Rzym, upalne lato, puste ulice. Sara Farnese siedzi w Bibliotece Watykańskiej i czyta starożytną książkę kucharską. Podchodzi do niej mężczyzna z wypchaną reklamówką w dłoni. Znajomy. Zmiata z biurka Sary wszystko, co na nim leży, i wyjmuje z reklamówki skórę. Ludzką. Pół szalonym, pół martwym głosem mówi: „Krew męczenników jest nasieniem Kościoła”. I ginie od kuli strażnika biblioteki. Sprawą zajmuje się młody policjant Nico Costa. Syn głośnego włoskiego komunisty, znawca Caravaggia, wegetarianin i zapalony biegacz, który nie wygląda na swoje dwadzieścia siedem lat.

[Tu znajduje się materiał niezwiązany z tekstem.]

lemma vadd_low_high:
  assumes "x1 \<in> Zpv_on p {..<k}" "x2 \<in> Zpv_on p {k..<d}"
  shows "vadd p x1 x2 = (\<lambda>i. x1 i + x2 i)"
proof
  fix i
  show "vadd p x1 x2 i = x1 i + x2 i"
    using assms Zpv_on_mod[OF assms(1), of i] Zpv_on_mod[OF assms(2), of i]
    by (cases "i < k") (auto simp: vadd_def Zpv_on_def)
qed

lemma vadd_low_high_in_Zpv_on:
  assumes "k \<le> d" "x1 \<in> Zpv_on p {..<k}" "x2 \<in> Zpv_on p {k..<d}"
  shows "vadd p x1 x2 \<in> Zpv_on p {..<d}"
proof -
  have "0 \<le> x1 i + x2 i \<and> x1 i + x2 i < int p" if "i < d" for i
    using assms that by (cases "i < k") (auto simp: Zpv_on_def)
  then show ?thesis using assms by (auto simp: vadd_low_high Zpv_on_def)
qed

lemma vlow_in_Zpv_on: "k \<le> d \<Longrightarrow> x \<in> Zpv_on p {..<d} \<Longrightarrow> vlow k x \<in> Zpv_on p {..<k}"
  by (auto simp: Zpv_on_def vlow_def)

lemma vhigh_in_Zpv_on: "x \<in> Zpv_on p {..<d} \<Longrightarrow> vhigh k x \<in> Zpv_on p {k..<d}"
  by (auto simp: Zpv_on_def vhigh_def)

lemma vadd_vlow_vhigh: "x \<in> Zpv_on p {..<d} \<Longrightarrow> vadd p (vlow k x) (vhigh k x) = x"
  by (auto simp: vlow_def vhigh_def vadd_def fun_eq_iff Zpv_on_mod)

lemma vlow_vadd: "x1 \<in> Zpv_on p {..<k} \<Longrightarrow> x2 \<in> Zpv_on p {k..<d} \<Longrightarrow> vlow k (vadd p x1 x2) = x1"
  by (simp add: vadd_low_high) (auto simp: Zpv_on_def vlow_def fun_eq_iff)

lemma vhigh_vadd: "x1 \<in> Zpv_on p {..<k} \<Longrightarrow> x2 \<in> Zpv_on p {k..<d} \<Longrightarrow> vhigh k (vadd p x1 x2) = x2"
  by (simp add: vadd_low_high) (auto simp: Zpv_on_def vhigh_def fun_eq_iff)

lemma sum_Zpv_on_split:
  assumes "k \<le> d"
  shows "(\<Sum>x\<in>Zpv_on p {..<d}. h x) = (\<Sum>x1\<in>Zpv_on p {..<k}. \<Sum>x2\<in>Zpv_on p {k..<d}. h (vadd p x1 x2))"
proof -
  have "(\<Sum>x\<in>Zpv_on p {..<d}. h x)
      = (\<Sum>z\<in>Zpv_on p {..<k} \<times> Zpv_on p {k..<d}. h (vadd p (fst z) (snd z)))"
    by (rule sum.reindex_bij_witness[where j="\<lambda>x. (vlow k x, vhigh k x)"
          and i="\<lambda>z. vadd p (fst z) (snd z)"])
       (use assms in \<open>auto simp: vlow_in_Zpv_on vhigh_in_Zpv_on vadd_vlow_vhigh vlow_vadd
          vhigh_vadd vadd_low_high_in_Zpv_on\<close>)
  then show ?thesis by (simp add: sum.cartesian_product case_prod_beta)
qed

lemma vsub_vadd_low_high:
  assumes "x1 \<in> Zpv_on p {..<k}" "a \<in> Zpv_on p {..<k}" "x2 \<in> Zpv_on p {k..<d}"
  shows "vsub p (vadd p x1 x2) a = vadd p (vsub p x1 a) x2"
proof
  fix i
  show "vsub p (vadd p x1 x2) a i = vadd p (vsub p x1 a) x2 i"
    using assms by (cases "i < k")
      (auto simp: vsub_def vadd_def Zpv_on_def mod_diff_left_eq mod_add_left_eq)
qed

lemma dotp_vadd_low_high:
  assumes "x1 \<in> Zpv_on p {..<k}" "x2 \<in> Zpv_on p {k..<d}" "b \<in> Zpv_on p {k..<d}"
  shows "dotp d (vadd p x1 x2) b = dotp d x2 b"
  unfolding dotp_def vadd_low_high[OF assms(1,2)]
proof (intro sum.cong refl)
  fix i
  show "(x1 i + x2 i) * b i = x2 i * b i"
    using assms by (cases "i < k") (auto simp: Zpv_on_def)
qed
(* Let $(G,S,C,\phi_0)$ be a minimal counterexample, and let $f=[uvw]$ be a $3$-face of $G$ with $d(u)=d(w)=3$ and $u,w\notin S$. Then every edge $e$ of $f$ is full, i.e., $C_e$ is a perfect matching.
   Context: All graphs are finite and simple. Two cycles are adjacent if they share at least one common edge. A $3$-correspondence assignment for $G$ consists of the list $L(u)=\{1,2,3\}$ for each vertex together with, for each edge $e=uv$, a matching $C_e$ (not necessarily perfect) between $\{u\}\times\{1,2,3\}$ and $\{v\}\times\{1,2,3\}$. A $C$-coloring is a map $\phi$ to $\{1,2,3\}$ with $(u,\phi(u))(v,\phi(v))\notin E(C_{uv})$ for every edge $uv$. For a closed walk $v_1\dots v_m$ ($v_m=v_1$), $C$ is inconsistent on it if there are colors $c_i$ with $(v_i,c_i)(v_{i+1},c_{i+1})\in E(C_{v_iv_{i+1}})$ for all $i\in[m-1]$ and $c_1\ne c_m$. A counterexample is a quadruple $(G,S,C,\phi_0)$ where $G$ is a plane graph with no two adjacent cycles of length at most $8$, $S\subseteq V(G)$ with $|S|\le 12$ is either a single vertex or the vertex set of the boundary of a face, $C$ is a $3$-correspondence assignment consistent on every closed walk of length $3$, and $\phi_0$ is a $C$-coloring of $G[S]$ that does not extend to a $C$-coloring of $G$. A minimal counterexample is a counterexample minimizing $|V(G)|$, subject to that minimizing $|E(G)|-|E(G[S])|$, and subject to both maximizing $\sum_{uv\in E(G)}|E(C_{uv})|$. A $k$-face is a face whose boundary has $k$ vertices; $[v_1\dots v_k]$ denotes the face with boundary vertices in this cyclic order. *)

theory Defs
  imports "HOL-Analysis.Analysis"
begin

record pgraph =
  pV :: "nat set"
  pE :: "nat set set"
  pos :: "nat \<Rightarrow> complex"
  parc :: "nat set \<Rightarrow> real \<Rightarrow> complex"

Wkrótce pojawiają się kolejne ofiary, każda w jakiś sposób powiązana z Sarą. Zlatują się dziennikarze, Watykan zwiera szyki. Morderca odtwarza makabryczne okoliczności śmierci wczesnochrześcijańskich męczenników. Przybity nieuleczalną chorobą ojca Nico stara się odkryć prawdę, niezależnie od tego, ile będzie go to kosztowało. Dociera do prywatnych watykańskich kwater, gdzie pewien kardynał próbuje wykaraskać się z kłopotów związanych z przekrętami finansowymi na niewyobrażalną skalę, i rozmawia z ludźmi, z którymi lepiej nie rozmawiać, jeśli nie chce się zaszkodzić swojej karierze...
Dla jednych podejrzany jako syn komunisty, przez drugich traktowany z góry ze względu na swój młody wiek, Nico wierzy, że inteligencja i uczciwość pozwolą mu dotrzeć do prawdy o tajemniczej Sarze Farnese – ale nie zdaje sobie sprawy z tego, jak wielkie podejmuje ryzyko.